Balkan Mathematical Olympiads

(a) Every perfect cube $k^3$ of a positive integer is special because we can write $$k^3=k^3\frac{a^3+2b^3}{a^3+2b^3}=\frac{(ka{)}^3+2(kb{)}^3}{a^3+2b^3},$$ for some positive integers $a$, $b$.

(b) Observe that $2014=2\cdot 19\cdot 53$. If $2014$ is special, then we have, $$x^3+2y^3=2014(u^3+2v^3)$$ for some positive integers $x$, $y$, $u$, $v$. We may assume that $x^3+2y^3$ is minimal with this property. Now, we will use the fact that if $19$ divides $x^3+2y^3$, then it divides both $x$ and $y$. Indeed, if $19$ does not divide $x$ then it does not divide $y$ too.

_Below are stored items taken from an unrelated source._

(* (Rolle's theorem for $\alpha$-fractional differentiable functions.) Let $0<a<b$ and let $f:[a,b]\to\mathbb{R}$ be a function such that (1) $f$ is continuous on $[a,b]$, (2) $f$ is $\alpha$-differentiable at every point of $(a,b)$ for some $\alpha\in(0,1)$, and (3) $f(a)=f(b)$. Then there exists $c\in(a,b)$ such that $\mathcal{D}^\alpha(f)(c)=0$.
   Context: For a real function $f$, a point $t>0$ in the interior of its domain, and $\alpha\in(0,1)$, the $\alpha$-fractional derivative of $f$ at $t$ is $\mathcal{D}^\alpha(f)(t)=\lim_{\epsilon\to 0}\frac{f(te^{\epsilon t^{-\alpha}})-f(t)}{\epsilon}$, and $f$ is $\alpha$-differentiable at $t$ if this limit exists (as a real number). *)

theory Defs
  imports "HOL-Analysis.Analysis"
begin

definition frac_quot :: "real \<Rightarrow> (real \<Rightarrow> real) \<Rightarrow> real \<Rightarrow> real \<Rightarrow> real" where
  "frac_quot \<alpha> f t \<epsilon> = (f (t * exp (\<epsilon> * t powr (- \<alpha>))) - f t) / \<epsilon>"

definition frac_differentiable :: "real \<Rightarrow> (real \<Rightarrow> real) \<Rightarrow> real \<Rightarrow> bool" where
  "frac_differentiable \<alpha> f t \<longleftrightarrow> (\<exists>L. (frac_quot \<alpha> f t \<longlongrightarrow> L) (at 0))"

definition frac_deriv :: "real \<Rightarrow> (real \<Rightarrow> real) \<Rightarrow> real \<Rightarrow> real" where
  "frac_deriv \<alpha> f t = Lim (at 0) (frac_quot \<alpha> f t)"

end

theory Submission
  imports Defs
begin

text \<open>
  Fermat's argument carries over to the fractional difference quotient: the point
  \<open>t * exp (\<epsilon> * t powr (- \<alpha>))\<close> lies to the right of \<open>t\<close> for \<open>\<epsilon> > 0\<close> and to
  the left for \<open>\<epsilon> < 0\<close>, so at a local maximum the quotient is \<open>\<le> 0\<close> on the right of
  \<open>\<epsilon> = 0\<close> and \<open>\<ge> 0\<close> on the left, forcing its limit to vanish. A continuous function
  with \<open>f a = f b\<close> attains an extremum in the open interval, which is such a point.
\<close>

lemma frac_quot_uminus: "frac_quot \<alpha> (\<lambda>x. - f x) t = (\<lambda>\<epsilon>. - frac_quot \<alpha> f t \<epsilon>)"
  by (auto simp: frac_quot_def fun_eq_iff minus_divide_left)

lemma frac_quot_limit_local_max:
  fixes f :: "real \<Rightarrow> real"
  assumes max: "eventually (\<lambda>y. f y \<le> f c) (nhds c)"
    and lim: "(frac_quot \<alpha> f c \<longlongrightarrow> L) (at 0)"
  shows "L = 0"
proof -
  have "((\<lambda>\<epsilon>. c * exp (\<epsilon> * c powr (- \<alpha>))) \<longlongrightarrow> c) (at 0)"
    by (rule tendsto_eq_intros refl | simp)+
  with max have "eventually (\<lambda>\<epsilon>. f (c * exp (\<epsilon> * c powr (- \<alpha>))) - f c \<le> 0) (at 0)"
    unfolding diff_le_0_iff_le filterlim_iff by blast
  then have near_right: "eventually (\<lambda>\<epsilon>. f (c * exp (\<epsilon> * c powr (- \<alpha>))) - f c \<le> 0) (at_right 0)"
    and near_left: "eventually (\<lambda>\<epsilon>. f (c * exp (\<epsilon> * c powr (- \<alpha>))) - f c \<le> 0) (at_left 0)"
    by (simp_all add: eventually_at_split)
  have "eventually (\<lambda>\<epsilon>. frac_quot \<alpha> f c \<epsilon> \<le> 0) (at_right 0)"
    using near_right eventually_at_right_less[of 0]
    by eventually_elim (simp add: frac_quot_def divide_nonpos_pos)
  moreover have "(frac_quot \<alpha> f c \<longlongrightarrow> L) (at_right 0)"
    using lim filterlim_at_split by blast
  ultimately have "L \<le> 0"
    by (metis tendsto_upperbound trivial_limit_at_right_real)
  have "eventually (\<lambda>\<epsilon>. frac_quot \<alpha> f c \<epsilon> \<ge> 0) (at_left 0)"
    using near_left eventually_at_left_real[of "-1" 0, simplified]
    by eventually_elim (simp add: frac_quot_def divide_nonpos_neg)
  moreover have "(frac_quot \<alpha> f c \<longlongrightarrow> L) (at_left 0)"
    using lim filterlim_at_split by blast
  ultimately have "L \<ge> 0"
    by (metis tendsto_lowerbound trivial_limit_at_left_real)
  with \<open>L \<le> 0\<close> show ?thesis by simp
qed

lemma frac_deriv_local_extremum:
  fixes f :: "real \<Rightarrow> real"
  assumes extremum: "eventually (\<lambda>y. f y \<le> f c) (nhds c) \<or> eventually (\<lambda>y. f c \<le> f y) (nhds c)"
    and diff: "frac_differentiable \<alpha> f c"
  shows "frac_deriv \<alpha> f c = 0"
proof -
  obtain L where lim: "(frac_quot \<alpha> f c \<longlongrightarrow> L) (at 0)"
    using diff unfolding frac_differentiable_def by blast
  have "L = 0"
    using extremum
  proof
    assume "eventually (\<lambda>y. f y \<le> f c) (nhds c)"
    then show ?thesis using lim by (rule frac_quot_limit_local_max)
  next
    assume "eventually (\<lambda>y. f c \<le> f y) (nhds c)"
    then have "eventually (\<lambda>y. - f y \<le> - f c) (nhds c)" by simp
    moreover have "(frac_quot \<alpha> (\<lambda>x. - f x) c \<longlongrightarrow> - L) (at 0)"
      unfolding frac_quot_uminus using lim by (rule tendsto_minus)
    ultimately have "- L = 0" by (rule frac_quot_limit_local_max)
    then show ?thesis by simp
  qed
  moreover have "frac_deriv \<alpha> f c = L"
    unfolding frac_deriv_def using lim by (rule tendsto_Lim[OF trivial_limit_at])
  ultimately show ?thesis by simp
qed

lemma continuous_on_Icc_interior_extremum:
  fixes f :: "real \<Rightarrow> real"
  assumes "a < b" and cont: "continuous_on {a..b} f" and "f a = f b"
  shows "\<exists>c\<in>{a<..<b}. (\<forall>y\<in>{a..b}. f y \<le> f c) \<or> (\<forall>y\<in>{a..b}. f c \<le> f y)"
proof -
  have "{a..b} \<noteq> {}" using \<open>a < b\<close> by simp
  then obtain x z where
    x: "x \<in> {a..b}" "\<forall>y\<in>{a..b}. f y \<le> f x" and
    z: "z \<in> {a..b}" "\<forall>y\<in>{a..b}. f z \<le> f y"
    using continuous_attains_sup[OF compact_Icc _ cont] continuous_attains_inf[OF compact_Icc _ cont]
    by blast
  consider "x \<in> {a<..<b}" | "z \<in> {a<..<b}" | "x \<in> {a, b}" "z \<in> {a, b}"
    using x(1) z(1) by fastforce
  then show ?thesis
  proof cases
    case 3
    \<comment> \<open>both extrema sit at the endpoints, where \<open>f\<close> takes the same value, so \<open>f\<close> is constant\<close>
    then have "\<forall>y\<in>{a..b}. f y = f a" using x z \<open>f a = f b\<close> by (metis empty_iff insert_iff order_antisym)
    moreover have "(a + b) / 2 \<in> {a<..<b}" using \<open>a < b\<close> by simp
    ultimately show ?thesis by (metis atLeastAtMost_iff greaterThanLessThan_iff less_imp_le order_refl)
  qed (use x z in blast)+
qed

theorem mainTheorem5:
  fixes f :: "real \<Rightarrow> real" and a b \<alpha> :: real
  assumes "0 < a" and "a < b"
    and "0 < \<alpha>" and "\<alpha> < 1"
    and "continuous_on {a..b} f"
    and "\<forall>t\<in>{a<..<b}. frac_differentiable \<alpha> f t"
    and "f a = f b"
  shows "\<exists>c\<in>{a<..<b}. frac_deriv \<alpha> f c = 0"
proof -
  obtain c where c: "c \<in> {a<..<b}"
    and extremum: "(\<forall>y\<in>{a..b}. f y \<le> f c) \<or> (\<forall>y\<in>{a..b}. f c \<le> f y)"
    using continuous_on_Icc_interior_extremum assms(2,5,7) by blast
  have "eventually (\<lambda>y. y \<in> {a..b}) (nhds c)"
    using c eventually_nhds_in_open[of "{a<..<b}" c] by (auto elim: eventually_mono)
  then have "eventually (\<lambda>y. f y \<le> f c) (nhds c) \<or> eventually (\<lambda>y. f c \<le> f y) (nhds c)"
    using extremum by (metis (mono_tags, lifting) eventually_mono)
  then have "frac_deriv \<alpha> f c = 0"
    using c assms(6) by (blast intro: frac_deriv_local_extremum)
  with c show ?thesis by blast
qed

end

The relation $x^3\equiv -2y^3(\mathrm{mod}19)$ implies $(x^3{)}^6\equiv (-2y^3{)}^6(\mathrm{mod}19)$. The latter congruence is equivalent to $x^{18}\equiv 2^6{y}^{18}(\mathrm{mod}19)$. Now, according to Fermat's Little Theorem, we obtain $1\equiv 2^6(\mathrm{mod}19)$, that is $19$ divides $63$, not possible. It follows $x=19x_1$, $y=19y_1$, for some positive integers $x_1$ and $y_1$. Replacing in the previous equation we get $$19^2(x_1^3+2y_1^3)=2\cdot 53(u^3+2v^3)$$ i.e. $19$ divides $u^3+2v^3$. It follows $u=19u_1$ and $v=19v_1$, and replacing in the previous equation we get $$x_1^3+2y_1^3=2014(u_1^3+2v_1^3).$$ Clearly, $x_1^3+2y_1^3\le x^3+2y^3$, contradicting the minimality of $x^3+2y^3$.